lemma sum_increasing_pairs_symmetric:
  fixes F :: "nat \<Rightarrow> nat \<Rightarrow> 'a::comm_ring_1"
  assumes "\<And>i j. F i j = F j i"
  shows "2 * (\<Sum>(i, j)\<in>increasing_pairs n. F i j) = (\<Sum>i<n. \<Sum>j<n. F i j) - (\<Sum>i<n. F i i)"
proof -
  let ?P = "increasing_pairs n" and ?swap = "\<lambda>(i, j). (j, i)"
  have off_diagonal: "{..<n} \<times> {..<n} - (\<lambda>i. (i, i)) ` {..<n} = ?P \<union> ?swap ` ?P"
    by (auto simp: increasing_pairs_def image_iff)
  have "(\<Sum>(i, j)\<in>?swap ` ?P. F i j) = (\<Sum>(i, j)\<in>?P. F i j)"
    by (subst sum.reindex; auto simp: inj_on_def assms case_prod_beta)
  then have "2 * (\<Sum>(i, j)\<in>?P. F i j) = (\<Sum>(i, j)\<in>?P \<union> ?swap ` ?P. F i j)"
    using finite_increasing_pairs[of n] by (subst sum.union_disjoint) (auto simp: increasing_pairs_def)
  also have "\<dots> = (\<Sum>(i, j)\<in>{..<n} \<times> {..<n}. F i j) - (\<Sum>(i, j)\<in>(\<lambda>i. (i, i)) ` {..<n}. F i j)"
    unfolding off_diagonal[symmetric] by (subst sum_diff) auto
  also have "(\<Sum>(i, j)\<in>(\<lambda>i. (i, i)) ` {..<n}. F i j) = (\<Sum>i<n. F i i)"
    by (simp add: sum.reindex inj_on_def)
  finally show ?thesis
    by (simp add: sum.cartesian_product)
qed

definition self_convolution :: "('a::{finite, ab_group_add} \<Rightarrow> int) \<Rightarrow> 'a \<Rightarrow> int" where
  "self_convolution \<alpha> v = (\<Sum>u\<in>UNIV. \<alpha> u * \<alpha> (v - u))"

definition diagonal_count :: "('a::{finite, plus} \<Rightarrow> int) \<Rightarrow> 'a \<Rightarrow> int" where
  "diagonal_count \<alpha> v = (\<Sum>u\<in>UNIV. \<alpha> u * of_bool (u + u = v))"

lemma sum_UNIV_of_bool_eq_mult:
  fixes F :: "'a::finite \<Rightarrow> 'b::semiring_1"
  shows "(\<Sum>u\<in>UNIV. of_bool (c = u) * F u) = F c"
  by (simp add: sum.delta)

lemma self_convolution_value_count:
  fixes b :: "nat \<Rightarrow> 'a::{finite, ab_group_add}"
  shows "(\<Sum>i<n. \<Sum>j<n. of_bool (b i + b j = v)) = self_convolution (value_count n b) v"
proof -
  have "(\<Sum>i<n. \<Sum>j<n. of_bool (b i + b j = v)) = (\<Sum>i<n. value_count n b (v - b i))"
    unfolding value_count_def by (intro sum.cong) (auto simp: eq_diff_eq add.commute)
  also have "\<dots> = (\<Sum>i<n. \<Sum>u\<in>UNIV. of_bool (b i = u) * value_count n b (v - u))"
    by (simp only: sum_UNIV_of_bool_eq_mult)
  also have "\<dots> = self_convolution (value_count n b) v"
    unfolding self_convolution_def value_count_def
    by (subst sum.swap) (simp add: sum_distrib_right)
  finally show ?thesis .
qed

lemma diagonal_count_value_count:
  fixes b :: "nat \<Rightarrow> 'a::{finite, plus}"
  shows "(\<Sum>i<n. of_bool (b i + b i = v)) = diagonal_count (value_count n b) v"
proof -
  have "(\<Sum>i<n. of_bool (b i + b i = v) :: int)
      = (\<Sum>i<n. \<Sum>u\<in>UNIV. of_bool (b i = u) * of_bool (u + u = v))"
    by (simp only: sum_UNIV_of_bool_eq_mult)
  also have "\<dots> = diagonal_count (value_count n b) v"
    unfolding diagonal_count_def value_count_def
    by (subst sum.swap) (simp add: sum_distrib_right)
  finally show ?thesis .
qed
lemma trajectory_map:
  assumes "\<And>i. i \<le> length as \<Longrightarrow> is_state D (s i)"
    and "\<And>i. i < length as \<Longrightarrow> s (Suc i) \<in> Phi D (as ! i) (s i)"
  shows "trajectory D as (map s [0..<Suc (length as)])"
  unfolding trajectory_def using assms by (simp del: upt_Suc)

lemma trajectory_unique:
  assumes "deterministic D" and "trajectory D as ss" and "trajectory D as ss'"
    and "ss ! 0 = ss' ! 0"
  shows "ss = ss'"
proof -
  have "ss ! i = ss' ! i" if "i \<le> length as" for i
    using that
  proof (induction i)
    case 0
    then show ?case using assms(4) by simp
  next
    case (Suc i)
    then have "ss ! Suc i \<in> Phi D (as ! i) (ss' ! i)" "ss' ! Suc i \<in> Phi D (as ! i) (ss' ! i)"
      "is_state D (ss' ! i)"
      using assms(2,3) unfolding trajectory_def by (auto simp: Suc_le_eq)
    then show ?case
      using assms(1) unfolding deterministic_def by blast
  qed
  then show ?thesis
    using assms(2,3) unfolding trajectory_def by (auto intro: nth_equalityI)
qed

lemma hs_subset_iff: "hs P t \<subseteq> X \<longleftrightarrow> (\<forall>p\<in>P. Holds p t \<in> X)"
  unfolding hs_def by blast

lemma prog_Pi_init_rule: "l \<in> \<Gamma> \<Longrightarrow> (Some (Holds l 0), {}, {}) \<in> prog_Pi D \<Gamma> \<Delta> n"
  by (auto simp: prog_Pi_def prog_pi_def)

> **Task to complete**
Write the data out again in full. Match it word for word.

> **Solution to the exercise**
lemma sum_increasing_pairs_symmetric:
  fixes F :: "nat \<Rightarrow> nat \<Rightarrow> 'a::comm_ring_1"
  assumes "\<And>i j. F i j = F j i"
  shows "2 * (\<Sum>(i, j)\<in>increasing_pairs n. F i j) = (\<Sum>i<n. \<Sum>j<n. F i j) - (\<Sum>i<n. F i i)"
proof -
  let ?P = "increasing_pairs n" and ?swap = "\<lambda>(i, j). (j, i)"
  have off_diagonal: "{..<n} \<times> {..<n} - (\<lambda>i. (i, i)) ` {..<n} = ?P \<union> ?swap ` ?P"
    by (auto simp: increasing_pairs_def image_iff)
  have "(\<Sum>(i, j)\<in>?swap ` ?P. F i j) = (\<Sum>(i, j)\<in>?P. F i j)"
    by (subst sum.reindex; auto simp: inj_on_def assms case_prod_beta)
  then have "2 * (\<Sum>(i, j)\<in>?P. F i j) = (\<Sum>(i, j)\<in>?P \<union> ?swap ` ?P. F i j)"
    using finite_increasing_pairs[of n] by (subst sum.union_disjoint) (auto simp: increasing_pairs_def)
  also have "\<dots> = (\<Sum>(i, j)\<in>{..<n} \<times> {..<n}. F i j) - (\<Sum>(i, j)\<in>(\<lambda>i. (i, i)) ` {..<n}. F i j)"
    unfolding off_diagonal[symmetric] by (subst sum_diff) auto
  also have "(\<Sum>(i, j)\<in>(\<lambda>i. (i, i)) ` {..<n}. F i j) = (\<Sum>i<n. F i i)"
    by (simp add: sum.reindex inj_on_def)
  finally show ?thesis
    by (simp add: sum.cartesian_product)
qed

definition self_convolution :: "('a::{finite, ab_group_add} \<Rightarrow> int) \<Rightarrow> 'a \<Rightarrow> int" where
  "self_convolution \<alpha> v = (\<Sum>u\<in>UNIV. \<alpha> u * \<alpha> (v - u))"

definition diagonal_count :: "('a::{finite, plus} \<Rightarrow> int) \<Rightarrow> 'a \<Rightarrow> int" where
  "diagonal_count \<alpha> v = (\<Sum>u\<in>UNIV. \<alpha> u * of_bool (u + u = v))"

lemma sum_UNIV_of_bool_eq_mult:
  fixes F :: "'a::finite \<Rightarrow> 'b::semiring_1"
  shows "(\<Sum>u\<in>UNIV. of_bool (c = u) * F u) = F c"
  by (simp add: sum.delta)

lemma self_convolution_value_count:
  fixes b :: "nat \<Rightarrow> 'a::{finite, ab_group_add}"
  shows "(\<Sum>i<n. \<Sum>j<n. of_bool (b i + b j = v)) = self_convolution (value_count n b) v"
proof -
  have "(\<Sum>i<n. \<Sum>j<n. of_bool (b i + b j = v)) = (\<Sum>i<n. value_count n b (v - b i))"
    unfolding value_count_def by (intro sum.cong) (auto simp: eq_diff_eq add.commute)
  also have "\<dots> = (\<Sum>i<n. \<Sum>u\<in>UNIV. of_bool (b i = u) * value_count n b (v - u))"
    by (simp only: sum_UNIV_of_bool_eq_mult)
  also have "\<dots> = self_convolution (value_count n b) v"
    unfolding self_convolution_def value_count_def
    by (subst sum.swap) (simp add: sum_distrib_right)
  finally show ?thesis .
qed

lemma diagonal_count_value_count:
  fixes b :: "nat \<Rightarrow> 'a::{finite, plus}"
  shows "(\<Sum>i<n. of_bool (b i + b i = v)) = diagonal_count (value_count n b) v"
proof -
  have "(\<Sum>i<n. of_bool (b i + b i = v) :: int)
      = (\<Sum>i<n. \<Sum>u\<in>UNIV. of_bool (b i = u) * of_bool (u + u = v))"
    by (simp only: sum_UNIV_of_bool_eq_mult)
  also have "\<dots> = diagonal_count (value_count n b) v"
    unfolding diagonal_count_def value_count_def
    by (subst sum.swap) (simp add: sum_distrib_right)
  finally show ?thesis .
qed
lemma trajectory_map:
  assumes "\<And>i. i \<le> length as \<Longrightarrow> is_state D (s i)"
    and "\<And>i. i < length as \<Longrightarrow> s (Suc i) \<in> Phi D (as ! i) (s i)"
  shows "trajectory D as (map s [0..<Suc (length as)])"
  unfolding trajectory_def using assms by (simp del: upt_Suc)

lemma trajectory_unique:
  assumes "deterministic D" and "trajectory D as ss" and "trajectory D as ss'"
    and "ss ! 0 = ss' ! 0"
  shows "ss = ss'"
proof -
  have "ss ! i = ss' ! i" if "i \<le> length as" for i
    using that
  proof (induction i)
    case 0
    then show ?case using assms(4) by simp
  next
    case (Suc i)
    then have "ss ! Suc i \<in> Phi D (as ! i) (ss' ! i)" "ss' ! Suc i \<in> Phi D (as ! i) (ss' ! i)"
      "is_state D (ss' ! i)"
      using assms(2,3) unfolding trajectory_def by (auto simp: Suc_le_eq)
    then show ?case
      using assms(1) unfolding deterministic_def by blast
  qed
  then show ?thesis
    using assms(2,3) unfolding trajectory_def by (auto intro: nth_equalityI)
qed

lemma hs_subset_iff: "hs P t \<subseteq> X \<longleftrightarrow> (\<forall>p\<in>P. Holds p t \<in> X)"
  unfolding hs_def by blast

lemma prog_Pi_init_rule: "l \<in> \<Gamma> \<Longrightarrow> (Some (Holds l 0), {}, {}) \<in> prog_Pi D \<Gamma> \<Delta> n"
  by (auto simp: prog_Pi_def prog_pi_def)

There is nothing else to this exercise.